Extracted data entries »
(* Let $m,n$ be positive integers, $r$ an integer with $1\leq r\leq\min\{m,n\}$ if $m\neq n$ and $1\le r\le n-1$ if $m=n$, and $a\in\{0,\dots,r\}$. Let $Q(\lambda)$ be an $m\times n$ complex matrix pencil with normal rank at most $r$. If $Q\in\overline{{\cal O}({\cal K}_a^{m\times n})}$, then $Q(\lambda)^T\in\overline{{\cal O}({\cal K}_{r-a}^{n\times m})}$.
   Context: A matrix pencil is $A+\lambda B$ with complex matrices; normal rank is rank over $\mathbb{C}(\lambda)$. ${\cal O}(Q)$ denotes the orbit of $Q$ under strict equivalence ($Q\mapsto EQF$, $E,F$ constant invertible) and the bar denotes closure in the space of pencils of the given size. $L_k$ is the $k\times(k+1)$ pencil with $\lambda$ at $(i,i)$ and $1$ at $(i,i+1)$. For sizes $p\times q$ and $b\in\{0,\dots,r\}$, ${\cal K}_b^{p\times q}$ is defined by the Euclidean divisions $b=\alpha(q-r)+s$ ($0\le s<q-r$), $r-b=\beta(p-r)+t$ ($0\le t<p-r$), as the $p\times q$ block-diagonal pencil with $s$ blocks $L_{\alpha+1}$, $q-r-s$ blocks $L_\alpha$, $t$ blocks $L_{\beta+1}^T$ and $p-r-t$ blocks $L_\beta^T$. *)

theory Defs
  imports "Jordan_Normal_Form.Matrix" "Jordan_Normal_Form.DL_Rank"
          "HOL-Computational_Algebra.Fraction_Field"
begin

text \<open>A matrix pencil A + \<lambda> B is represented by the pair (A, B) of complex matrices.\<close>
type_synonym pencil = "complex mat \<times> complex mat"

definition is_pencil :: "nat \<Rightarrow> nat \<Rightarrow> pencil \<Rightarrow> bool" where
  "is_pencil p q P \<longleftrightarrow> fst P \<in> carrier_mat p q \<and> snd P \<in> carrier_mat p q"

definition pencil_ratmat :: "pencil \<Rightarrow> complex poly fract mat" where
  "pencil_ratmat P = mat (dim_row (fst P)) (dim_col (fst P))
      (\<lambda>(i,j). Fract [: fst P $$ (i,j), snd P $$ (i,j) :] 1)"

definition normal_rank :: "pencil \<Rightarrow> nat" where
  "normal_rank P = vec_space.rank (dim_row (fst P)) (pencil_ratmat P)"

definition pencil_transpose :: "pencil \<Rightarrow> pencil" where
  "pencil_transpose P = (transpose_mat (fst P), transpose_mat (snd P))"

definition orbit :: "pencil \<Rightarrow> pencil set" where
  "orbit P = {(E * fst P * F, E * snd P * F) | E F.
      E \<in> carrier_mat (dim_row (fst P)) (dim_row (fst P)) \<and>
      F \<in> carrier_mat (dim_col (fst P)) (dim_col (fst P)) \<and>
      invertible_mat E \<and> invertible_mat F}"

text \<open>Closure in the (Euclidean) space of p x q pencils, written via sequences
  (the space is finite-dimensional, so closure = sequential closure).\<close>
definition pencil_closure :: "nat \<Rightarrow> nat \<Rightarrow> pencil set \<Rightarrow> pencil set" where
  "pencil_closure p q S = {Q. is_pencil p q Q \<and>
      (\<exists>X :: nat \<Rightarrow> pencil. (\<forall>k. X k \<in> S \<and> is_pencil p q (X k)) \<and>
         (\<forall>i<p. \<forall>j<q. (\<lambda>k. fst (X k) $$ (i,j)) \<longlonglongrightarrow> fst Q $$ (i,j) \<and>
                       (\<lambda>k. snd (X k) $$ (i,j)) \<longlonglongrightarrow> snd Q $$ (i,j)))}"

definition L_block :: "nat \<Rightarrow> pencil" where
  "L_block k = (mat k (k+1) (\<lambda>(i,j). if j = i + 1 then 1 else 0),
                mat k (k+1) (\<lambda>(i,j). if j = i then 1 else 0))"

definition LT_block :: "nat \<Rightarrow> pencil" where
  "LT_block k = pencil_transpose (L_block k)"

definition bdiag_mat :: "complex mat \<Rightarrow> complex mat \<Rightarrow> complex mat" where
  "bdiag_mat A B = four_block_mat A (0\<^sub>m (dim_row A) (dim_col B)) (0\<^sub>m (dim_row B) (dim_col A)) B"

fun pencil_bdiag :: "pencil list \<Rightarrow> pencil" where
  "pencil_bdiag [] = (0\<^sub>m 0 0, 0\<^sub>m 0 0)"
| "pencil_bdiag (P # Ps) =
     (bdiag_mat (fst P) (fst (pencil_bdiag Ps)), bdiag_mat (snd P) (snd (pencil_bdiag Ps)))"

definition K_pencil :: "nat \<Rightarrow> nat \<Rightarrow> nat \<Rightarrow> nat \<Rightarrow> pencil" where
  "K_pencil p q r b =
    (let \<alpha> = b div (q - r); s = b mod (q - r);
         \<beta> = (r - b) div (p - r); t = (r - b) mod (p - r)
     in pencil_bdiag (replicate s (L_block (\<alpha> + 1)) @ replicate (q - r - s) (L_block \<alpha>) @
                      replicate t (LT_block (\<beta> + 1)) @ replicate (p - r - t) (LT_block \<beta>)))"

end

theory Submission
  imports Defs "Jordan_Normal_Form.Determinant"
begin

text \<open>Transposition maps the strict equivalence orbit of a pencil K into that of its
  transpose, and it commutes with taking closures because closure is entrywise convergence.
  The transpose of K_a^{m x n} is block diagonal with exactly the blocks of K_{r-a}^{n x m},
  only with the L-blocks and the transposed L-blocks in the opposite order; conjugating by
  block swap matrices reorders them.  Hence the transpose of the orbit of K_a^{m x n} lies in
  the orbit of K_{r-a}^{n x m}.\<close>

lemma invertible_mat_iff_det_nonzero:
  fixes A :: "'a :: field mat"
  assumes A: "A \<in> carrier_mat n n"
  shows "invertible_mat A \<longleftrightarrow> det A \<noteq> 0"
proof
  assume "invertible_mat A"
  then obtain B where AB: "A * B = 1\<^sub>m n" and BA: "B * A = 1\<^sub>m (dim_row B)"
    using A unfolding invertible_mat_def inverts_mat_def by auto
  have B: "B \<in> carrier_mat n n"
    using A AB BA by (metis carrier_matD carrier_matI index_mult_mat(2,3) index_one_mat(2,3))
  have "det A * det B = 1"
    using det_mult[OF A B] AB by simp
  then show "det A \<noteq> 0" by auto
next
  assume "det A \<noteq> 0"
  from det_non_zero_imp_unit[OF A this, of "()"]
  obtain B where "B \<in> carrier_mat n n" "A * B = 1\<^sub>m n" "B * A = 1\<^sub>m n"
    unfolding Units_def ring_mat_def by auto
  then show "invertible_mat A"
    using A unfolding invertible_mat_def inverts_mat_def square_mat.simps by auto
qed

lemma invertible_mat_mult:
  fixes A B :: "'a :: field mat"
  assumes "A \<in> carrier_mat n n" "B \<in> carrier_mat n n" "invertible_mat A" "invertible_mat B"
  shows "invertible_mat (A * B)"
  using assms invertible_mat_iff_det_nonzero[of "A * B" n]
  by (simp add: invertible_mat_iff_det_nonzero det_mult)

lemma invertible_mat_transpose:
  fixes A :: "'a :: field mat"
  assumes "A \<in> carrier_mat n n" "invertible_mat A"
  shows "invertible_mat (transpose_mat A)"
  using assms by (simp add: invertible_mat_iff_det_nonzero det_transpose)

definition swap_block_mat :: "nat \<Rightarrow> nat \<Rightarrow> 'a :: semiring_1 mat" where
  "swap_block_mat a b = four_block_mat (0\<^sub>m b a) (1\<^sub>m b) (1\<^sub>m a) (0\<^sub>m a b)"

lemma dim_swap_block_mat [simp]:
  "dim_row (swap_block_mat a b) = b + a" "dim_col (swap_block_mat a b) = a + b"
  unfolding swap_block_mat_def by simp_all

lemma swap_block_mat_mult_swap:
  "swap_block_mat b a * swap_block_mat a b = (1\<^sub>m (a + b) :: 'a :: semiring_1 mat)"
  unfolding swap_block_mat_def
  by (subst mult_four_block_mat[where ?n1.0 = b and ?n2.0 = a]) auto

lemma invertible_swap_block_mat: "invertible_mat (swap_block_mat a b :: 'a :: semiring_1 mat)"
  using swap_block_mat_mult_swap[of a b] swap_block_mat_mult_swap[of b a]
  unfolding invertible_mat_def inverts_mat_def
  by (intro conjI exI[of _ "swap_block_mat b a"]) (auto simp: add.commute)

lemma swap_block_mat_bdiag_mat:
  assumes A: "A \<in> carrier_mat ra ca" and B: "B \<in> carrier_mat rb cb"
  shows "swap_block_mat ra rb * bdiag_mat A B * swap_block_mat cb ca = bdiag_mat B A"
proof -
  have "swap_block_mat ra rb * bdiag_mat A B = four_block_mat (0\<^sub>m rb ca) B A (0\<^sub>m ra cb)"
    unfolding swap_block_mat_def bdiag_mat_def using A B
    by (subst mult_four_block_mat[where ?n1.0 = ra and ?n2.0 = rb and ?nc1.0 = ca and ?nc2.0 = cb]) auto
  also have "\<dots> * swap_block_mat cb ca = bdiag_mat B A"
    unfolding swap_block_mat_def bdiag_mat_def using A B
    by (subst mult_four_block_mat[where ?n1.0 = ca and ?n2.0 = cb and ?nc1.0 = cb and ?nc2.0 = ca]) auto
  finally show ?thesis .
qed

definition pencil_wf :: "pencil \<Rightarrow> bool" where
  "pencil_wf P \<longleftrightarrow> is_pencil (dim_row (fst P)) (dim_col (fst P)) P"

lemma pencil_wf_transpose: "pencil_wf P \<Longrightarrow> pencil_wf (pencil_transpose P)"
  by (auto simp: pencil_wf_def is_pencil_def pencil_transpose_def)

Task statement »
Print exactly the lines above, between the one holding "using assms by" and the one holding "(swap_block_mat a b :: 'a", inclusive, and nothing besides.

Written response »
  using assms by (simp add: invertible_mat_iff_det_nonzero det_transpose)

definition swap_block_mat :: "nat \<Rightarrow> nat \<Rightarrow> 'a :: semiring_1 mat" where
  "swap_block_mat a b = four_block_mat (0\<^sub>m b a) (1\<^sub>m b) (1\<^sub>m a) (0\<^sub>m a b)"

lemma dim_swap_block_mat [simp]:
  "dim_row (swap_block_mat a b) = b + a" "dim_col (swap_block_mat a b) = a + b"
  unfolding swap_block_mat_def by simp_all

lemma swap_block_mat_mult_swap:
  "swap_block_mat b a * swap_block_mat a b = (1\<^sub>m (a + b) :: 'a :: semiring_1 mat)"
  unfolding swap_block_mat_def
  by (subst mult_four_block_mat[where ?n1.0 = b and ?n2.0 = a]) auto

lemma invertible_swap_block_mat: "invertible_mat (swap_block_mat a b :: 'a :: semiring_1 mat)"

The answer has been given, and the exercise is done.